Pacific islanders fight for their survival

Editorial, Normal

IN December last year, the head of the small Pacific island state of Tuvalu challenged the notion that low-lying atoll nations must inevitably succumb to the adverse effects of global warming.
Prime minister Apisai Ielemia told the UN climate conference in Poland: “It is our belief that Tuvalu, as a nation, has a right to exist forever. It is our basic human right. We are not contemplating migration. We are a proud nation with a unique culture which cannot be relocated elsewhere.”
This sentiment was reaffirmed at this month’s Copenhagen climate change conference by Tuvalu’s chief negotiator Ian Fry: “Tuvalu is one of the most vulnerable countries in the world to climate change, and our future rests on the outcome of this meeting.
“My prime minister and many other heads of state have the clear intention of coming here to sign on to a legally binding deal.”
Bad luck, Kevin Rudd’s key climate adviser Ross Garnaut says.
According to his, it is inevitable that climate change will displace South Pacific populations: “The South Pacific countries will end up having their populations relocated to Australia or New Zealand and the rest of the world expects that. In the end, we’re likely to accommodate them, so that’s a solution.”
Garnaut argues that in coming decades, Australia will have bigger concerns than accommodating the 10,000 Tuvaluans who may be displaced by climate change.
By the time Tuvalu is rendered uninhabitable through the adverse effects of global warming, peak oil and global trade policy, hundreds of millions of people in the developing world will face crises over food security and access to drinking water.
The social crisis in much of Asia and Africa will dwarf the problems facing small island developing states.

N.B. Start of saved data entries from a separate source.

text \<open>A formal series Q = sum_{k<=2} Q_k lambda^k is represented by its coefficient
  family Q :: int => mfun, with Q k = 0 for k > 2.  The conditions:
  Q_2 = a, Q_1 = u, coefficients traceless, smooth, diagonal for even k and
  off-diagonal for odd k; the coefficient of lambda^n of
  d_x Q + [a lambda^2 + u lambda + P, Q] vanishes, i.e.
  d_x Q_n + [a,Q_(n-2)] + [u,Q_(n-1)] + [P,Q_n] = 0 for all n;
  and Q^2 = -lambda^4 I, i.e. sum_(i+j=n) Q_i Q_j = -delta_(n,4) I.\<close>

definition is_Qseries :: "mfun \<Rightarrow> cfun \<Rightarrow> cfun \<Rightarrow> (int \<Rightarrow> mfun) \<Rightarrow> bool" where
  "is_Qseries P q r Q \<longleftrightarrow>
     (\<forall>k>2. Q k = (\<lambda>p. 0))
   \<and> Q 2 = (\<lambda>p. amat)
   \<and> Q 1 = umat q r
   \<and> (\<forall>k p. traceless (Q k p))
   \<and> (\<forall>k p. even k \<longrightarrow> is_diag (Q k p))
   \<and> (\<forall>k p. odd k \<longrightarrow> is_offdiag (Q k p))
   \<and> (\<forall>k i j. smooth (\<lambda>p. Q k p $ i $ j))
   \<and> (\<forall>n p. dxM (Q n) p + comm amat (Q (n-2) p) + comm (umat q r p) (Q (n-1) p)
              + comm (P p) (Q n p) = 0)
   \<and> (\<forall>n p. (\<Sum>i\<in>{n-2..2}. Q i p ** Q (n-i) p) = (if n = 4 then - mat 1 else 0))"

definition Qser :: "mfun \<Rightarrow> cfun \<Rightarrow> cfun \<Rightarrow> int \<Rightarrow> mfun" where
  "Qser P q r = (THE Q. is_Qseries P q r Q)"

definition P0 :: "cfun \<Rightarrow> cfun \<Rightarrow> mfun" where
  "P0 q r = (\<lambda>p. mat2 (\<i>/2 * q p * r p) 0 0 (-(\<i>/2 * q p * r p)))"

definition P0a :: "complex \<Rightarrow> cfun \<Rightarrow> cfun \<Rightarrow> mfun" where
  "P0a \<alpha> q r = (\<lambda>p. mat2 (-\<alpha> * (q p * r p)) 0 0 (\<alpha> * (q p * r p)))"

text \<open>The operator B (applied only to diagonal matrices): B(A) = (1 - 2 alpha i) A.\<close>
definition Bop :: "complex \<Rightarrow> complex^2^2 \<Rightarrow> complex^2^2" where
  "Bop \<alpha> A = (\<chi> i j. (1 - 2 * \<alpha> * \<i>) * A $ i $ j)"

definition KN_rhs :: "nat \<Rightarrow> cfun \<Rightarrow> cfun \<Rightarrow> mfun" where
  "KN_rhs j q r = (let Q = Qser (\<lambda>p. 0) q r in dxM (Q (3 - 2 * int j)))"

definition TII_rhs :: "nat \<Rightarrow> cfun \<Rightarrow> cfun \<Rightarrow> mfun" where
  "TII_rhs j q r = (let Q = Qser (P0 q r) q r in
     (\<lambda>p. dxM (Q (3 - 2 * int j)) p + comm (P0 q r p) (Q (3 - 2 * int j) p)
          + comm (umat q r p) (Q (2 - 2 * int j) p)))"

definition Btw_rhs :: "complex \<Rightarrow> nat \<Rightarrow> cfun \<Rightarrow> cfun \<Rightarrow> mfun" where
  "Btw_rhs \<alpha> j q r = (let Q = Qser (P0a \<alpha> q r) q r in
     (\<lambda>p. dxM (Q (3 - 2 * int j)) p + comm (P0a \<alpha> q r p) (Q (3 - 2 * int j) p)
          + comm (umat q r p) (Q (2 - 2 * int j) p - Bop \<alpha> (Q (2 - 2 * int j) p))))"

Even so, many Pacific islanders I have spoken to recently were shocked by the casual attitude to their fate shown by Garnaut and other commentators.
For indigenous communities, the prospect of leaving their land is no small matter.
Climate displacement is increasingly debated in the Pacific, but many people recognise that resettlement is not simply a matter of transport, food and shelter – it is a complex social process involving human beings with hopes, dreams, aspirations and especially memories.
Garnaut’s glib talk of relocation as a “solution” does not go down well in the region, given that Australia’s last “Pacific solution” involved locking up people next to a phosphate mine in Nauru.
In spite of the environmental impacts already locked into the ecosystem, the physical and economic crunches that will drive climate displacement will not happen overnight.
For this reason, Tuvalu and other small island states continue to stir the pot at the global climate negotiations, highlighting the need to reframe the debate and guarantee the right to development for affected communities – wherever they are – through stronger action on greenhouse gas emissions, increased adaptation funding and technology transfer.
In Copenhagen, the United States, the European Union, Canada and Australia pressed Brazil, Russia, India, China and other nations to to guarantee verifiable and binding emissions cuts.
But Tuvalu and other smaller vulnerable states challenged the neat dichotomy of “developed” and “developing” nations.
Earlier this year, Tuvalu joined other Alliance of Small Island State (AOSIS) members to propose a legally-binding protocol to be incorporated under the UN Framework Convention on Climate Change (UNFCCC) Conference of Parties, to complement (not replace) the Kyoto Protocol.
These amendments aim to secure new and deeper post-2012 emission reduction targets for industrialised countries currently bound by the Kyoto Protocol.
The new targets would also be reflected in a new protocol to be adopted under the Convention, sitting side-by-side with legally binding targets for the US.
As it turned out, when the US, the European Union and China finally thrashed out a final deal, nearly half the membership of the United Nations General Assembly was sidelined.
As Tuvalu’s negotiators have shown in Copenhagen, Pacific Islanders are not just sitting back to await their fate. – newmatilda

 

* Nic Maclellan works as a journalist and researcher in the Pacific islands and is co-author of La France dans le Pacifique and After Moruroa – France in the South Pacific.